Kurds in Iraq and Syria: U.S. Partners Against the Islamic State

Since 2014, the United States and members of a coalition it leads have partnered with a politically diverse set of Kurdish groups to combat the Islamic State organization (IS, also known as ISIS/ISIL or by the Arabic acronym Da’esh). For background information on these groups and their relationships in the region, see CRS In Focus IF10350, The Kurds in Iraq, Turkey, Syria, and Iran, by Jim Zanotti and Bolko J. Skorupski.

The capabilities of various Kurdish ground forces have advanced some U.S. objectives in connection with ongoing anti-IS operations. At the same time, as these operations increasingly focus on predominantly Sunni Arab areas such as Mosul, Iraq, and Raqqah, Syria, U.S. officials are encouraging Kurdish forces to support and empower the combat and post-conflict administration profile of non-Kurdish forces that may have greater ethnic and political legitimacy with local populations. U.S. officials also seek to avoid having U.S. cooperation with Kurds significantly disrupt U.S. relations with other partners, including the Iraqi central government and NATO ally Turkey in light of those partners’ respective concerns and operations on the ground in Iraq and northern Syria.
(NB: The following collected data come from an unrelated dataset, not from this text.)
(* The minimum singular value $\sigma_{\min}$ of $UP_K$ satisfies $$\sigma_{\min}\ge\inf_{\substack{y\in\mathbb C^N\\ \|y\|=1}}\ \sup_{g\in G_y}\ \sup_{\substack{\phi\in\Phi_K\\ \phi\ne0}}\left\{\frac{1-\|g-\phi\|_{\infty}}{\|g\|_\nu+\|g-\phi\|_\infty}\right\},$$ where $\Phi_K=\mathrm{span}\{\phi_1,\dots,\phi_K\}$ and $G_y=\{g\in L^2_\nu(D)\cap L^\infty(D): g(t_n)=y_n/\sqrt{\tau_n},\ n=1,\dots,N\}$.
   Context: Setting: $D\subseteq\mathbb R^d$ a domain, $\nu\ge0$ integrable on $D$ with $\int_D\nu=1$, $\{\phi_i\}_{i\in\mathbb N}\subseteq L^2_\nu(D)\cap L^\infty(D)$ orthonormal in $L^2_\nu(D)$. $T=\{t_n\}_{n=1}^N\subseteq\overline D$ with Voronoi cells $V_n=\{t\in D:|t-t_n|\le|t-t_m|\ \forall m\ne n\}$ and quadrature weights $\tau_n=\int_{V_n}\nu$ (assumed positive so that $G_y$ is defined). $U$ is the $N\times\infty$ matrix $U_{n,i}=\sqrt{\tau_n}\phi_i(t_n)$, $P_K$ the projection onto the first $K$ coordinates, and $\sigma_{\min}=\inf_{y\in\mathbb C^N,\|y\|=1}\|(UP_K)^*y\|$. $\|g\|_\nu$ is the $L^2_\nu(D)$ norm and $\|\cdot\|_\infty$ the uniform norm on $D$. *)

theory Defs
  imports "HOL-Analysis.Analysis"
begin

definition L2nu :: "'a::euclidean_space set \<Rightarrow> ('a \<Rightarrow> real) \<Rightarrow> ('a \<Rightarrow> complex) set" where
  "L2nu D \<nu> = {f. set_borel_measurable lebesgue D f \<and>
                   set_integrable lebesgue D (\<lambda>t. \<nu> t * (cmod (f t))\<^sup>2)}"

definition Linf :: "'a::euclidean_space set \<Rightarrow> ('a \<Rightarrow> complex) set" where
  "Linf D = {f. set_borel_measurable lebesgue D f \<and>
                (\<exists>B. AE t in lebesgue. t \<in> D \<longrightarrow> cmod (f t) \<le> B)}"

definition nu_inner :: "'a::euclidean_space set \<Rightarrow> ('a \<Rightarrow> real) \<Rightarrow> ('a \<Rightarrow> complex) \<Rightarrow> ('a \<Rightarrow> complex) \<Rightarrow> complex" where
  "nu_inner D \<nu> f g = (LINT t:D|lebesgue. complex_of_real (\<nu> t) * (f t * cnj (g t)))"

definition nu_norm :: "'a::euclidean_space set \<Rightarrow> ('a \<Rightarrow> real) \<Rightarrow> ('a \<Rightarrow> complex) \<Rightarrow> real" where
  "nu_norm D \<nu> f = sqrt (LINT t:D|lebesgue. \<nu> t * (cmod (f t))\<^sup>2)"

definition unorm :: "'a set \<Rightarrow> ('a \<Rightarrow> complex) \<Rightarrow> real" where
  "unorm S f = (SUP t\<in>S. cmod (f t))"

definition voronoi :: "'a::euclidean_space set \<Rightarrow> nat \<Rightarrow> (nat \<Rightarrow> 'a) \<Rightarrow> nat \<Rightarrow> 'a set" where
  "voronoi D N t n = {s \<in> D. \<forall>m<N. m \<noteq> n \<longrightarrow> dist s (t n) \<le> dist s (t m)}"

definition qweight :: "'a::euclidean_space set \<Rightarrow> ('a \<Rightarrow> real) \<Rightarrow> nat \<Rightarrow> (nat \<Rightarrow> 'a) \<Rightarrow> nat \<Rightarrow> real" where
  "qweight D \<nu> N t n = (LINT s:voronoi D N t n|lebesgue. \<nu> s)"

definition Umat :: "'a::euclidean_space set \<Rightarrow> ('a \<Rightarrow> real) \<Rightarrow> nat \<Rightarrow> (nat \<Rightarrow> 'a) \<Rightarrow> (nat \<Rightarrow> 'a \<Rightarrow> complex) \<Rightarrow> nat \<Rightarrow> nat \<Rightarrow> complex" where
  "Umat D \<nu> N t \<phi> n i = complex_of_real (sqrt (qweight D \<nu> N t n)) * \<phi> i (t n)"

text \<open>Euclidean norm of (U P_K)^* y; its nonzero components are indexed by i < K.\<close>
definition adj_norm :: "'a::euclidean_space set \<Rightarrow> ('a \<Rightarrow> real) \<Rightarrow> nat \<Rightarrow> (nat \<Rightarrow> 'a) \<Rightarrow> (nat \<Rightarrow> 'a \<Rightarrow> complex) \<Rightarrow> nat \<Rightarrow> (nat \<Rightarrow> complex) \<Rightarrow> real" where
  "adj_norm D \<nu> N t \<phi> K y =
     sqrt (\<Sum>i<K. (cmod (\<Sum>n<N. cnj (Umat D \<nu> N t \<phi> n i) * y n))\<^sup>2)"

definition unit_sphere :: "nat \<Rightarrow> (nat \<Rightarrow> complex) set" where
  "unit_sphere N = {y. sqrt (\<Sum>n<N. (cmod (y n))\<^sup>2) = 1}"

definition sigma_min :: "'a::euclidean_space set \<Rightarrow> ('a \<Rightarrow> real) \<Rightarrow> nat \<Rightarrow> (nat \<Rightarrow> 'a) \<Rightarrow> (nat \<Rightarrow> 'a \<Rightarrow> complex) \<Rightarrow> nat \<Rightarrow> ereal" where
  "sigma_min D \<nu> N t \<phi> K = (INF y\<in>unit_sphere N. ereal (adj_norm D \<nu> N t \<phi> K y))"

definition PhiK :: "(nat \<Rightarrow> 'a \<Rightarrow> complex) \<Rightarrow> nat \<Rightarrow> ('a \<Rightarrow> complex) set" where
  "PhiK \<phi> K = {(\<lambda>s. \<Sum>i<K. c i * \<phi> i s) | c. True}"

definition Gset :: "'a::euclidean_space set \<Rightarrow> ('a \<Rightarrow> real) \<Rightarrow> nat \<Rightarrow> (nat \<Rightarrow> 'a) \<Rightarrow> (nat \<Rightarrow> complex) \<Rightarrow> ('a \<Rightarrow> complex) set" where
  "Gset D \<nu> N t y = {g. g \<in> L2nu D \<nu> \<and> g \<in> Linf D \<and>
      (\<forall>n<N. g (t n) = y n / complex_of_real (sqrt (qweight D \<nu> N t n)))}"

text \<open>The quantity inside the suprema. Only pairs with g - phi bounded on closure D are
  considered (the uniform norm must be finite for the fraction to make sense).\<close>
definition ratio :: "'a::euclidean_space set \<Rightarrow> ('a \<Rightarrow> real) \<Rightarrow> ('a \<Rightarrow> complex) \<Rightarrow> ('a \<Rightarrow> complex) \<Rightarrow> real" where
  "ratio D \<nu> g p = (1 - unorm (closure D) (\<lambda>s. g s - p s)) /
                    (nu_norm D \<nu> g + unorm (closure D) (\<lambda>s. g s - p s))"

end

theory Submission
  imports Defs
begin

text \<open>Fix a unit vector \<open>y\<close>, an interpolant \<open>g \<in> G\<^sub>y\<close> and \<open>p = \<Sum>i<K. c\<^sub>i \<phi>\<^sub>i\<close>, and put
  \<open>\<epsilon> = \<parallel>g - p\<parallel>\<^sub>\<infinity>\<close>. Pairing \<open>(U P\<^sub>K)\<^sup>* y\<close> with \<open>c\<close> gives \<open>\<Sum>n. y\<^sub>n \<surd>\<tau>\<^sub>n conj (p(t\<^sub>n))\<close>; replacing
  \<open>p(t\<^sub>n)\<close> by \<open>g(t\<^sub>n) = y\<^sub>n / \<surd>\<tau>\<^sub>n\<close> turns this sum into \<open>1\<close>, at a cost of at most \<open>\<epsilon>\<close> by
  Cauchy-Schwarz, because \<open>\<Sum>n. \<tau>\<^sub>n \<le> \<integral>\<nu> = 1\<close> (distinct Voronoi cells meet only in null sets).
  Hence \<open>1 - \<epsilon> \<le> \<parallel>(U P\<^sub>K)\<^sup>* y\<parallel> \<parallel>c\<parallel>\<close>, while orthonormality gives
  \<open>\<parallel>c\<parallel> = \<parallel>p\<parallel>\<^sub>\<nu> \<le> \<parallel>g\<parallel>\<^sub>\<nu> + \<epsilon>\<close>.\<close>

lemma power2_add_le_weighted:
  fixes u v l :: real
  assumes "l > 0"
  shows "(u + v)\<^sup>2 \<le> (1 + l) * u\<^sup>2 + (1 + 1 / l) * v\<^sup>2"
proof -
  have "0 \<le> (l * u - v)\<^sup>2 / l" using assms by simp
  also have "\<dots> = (1 + l) * u\<^sup>2 + (1 + 1 / l) * v\<^sup>2 - (u + v)\<^sup>2"
    using assms by (simp add: field_simps power2_eq_square)
  finally show ?thesis by simp
qed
Legal authorities enacted by Congress and the President permit the Administration to provide some arms and some Iraq/Syria anti-IS-related funding to Kurdish groups under certain conditions. In April 2016, the Defense Department announced that it would provide more than $400 million in assistance to pay and otherwise sustain Iraqi Kurdish fighters as part of an ongoing partnership that delivers U.S. assistance to Iraqi Kurds with the consent of the Iraqi national government. Some Members of Congress proposed legislation in the 114th Congress that would have extended or expanded U.S. cooperation with Kurdish groups under certain conditions.

This report examines:

the roles played by Iraqi Kurdish groups affiliated with the Kurdistan Regional Government (KRG) and by the Syrian Kurdish Democratic Union Party (PYD)/People’s Protection Units (YPG) in U.S. and coalition efforts to defeat the Islamic State;

interactions Iraqi and Syrian Kurds have with other actors;

benefits and challenges the Kurdish role presents for U.S. interests in the region;

the outlook for military operations (such as against Mosul in Iraq and Raqqah in Syria) and political outcomes;

humanitarian concerns regarding displaced persons in Kurdish-controlled areas, and human rights concerns regarding Kurdish forces’ treatment of civilians in areas they capture;

specific U.S. policy questions regarding current and future U.S.-Kurdish cooperation; and

the broader trajectory of the U.S.-Kurdish partnership.

U.S. military trainers and advisors have been based in KRG-controlled areas (along with other areas in Iraq) since 2014. The U.S. government has acknowledged that these advisors have periodically engaged in direct action missions in both Iraq and Syria. Since late 2015, U.S. officials have announced additional “advise and assist” deployments in Iraq and Syria.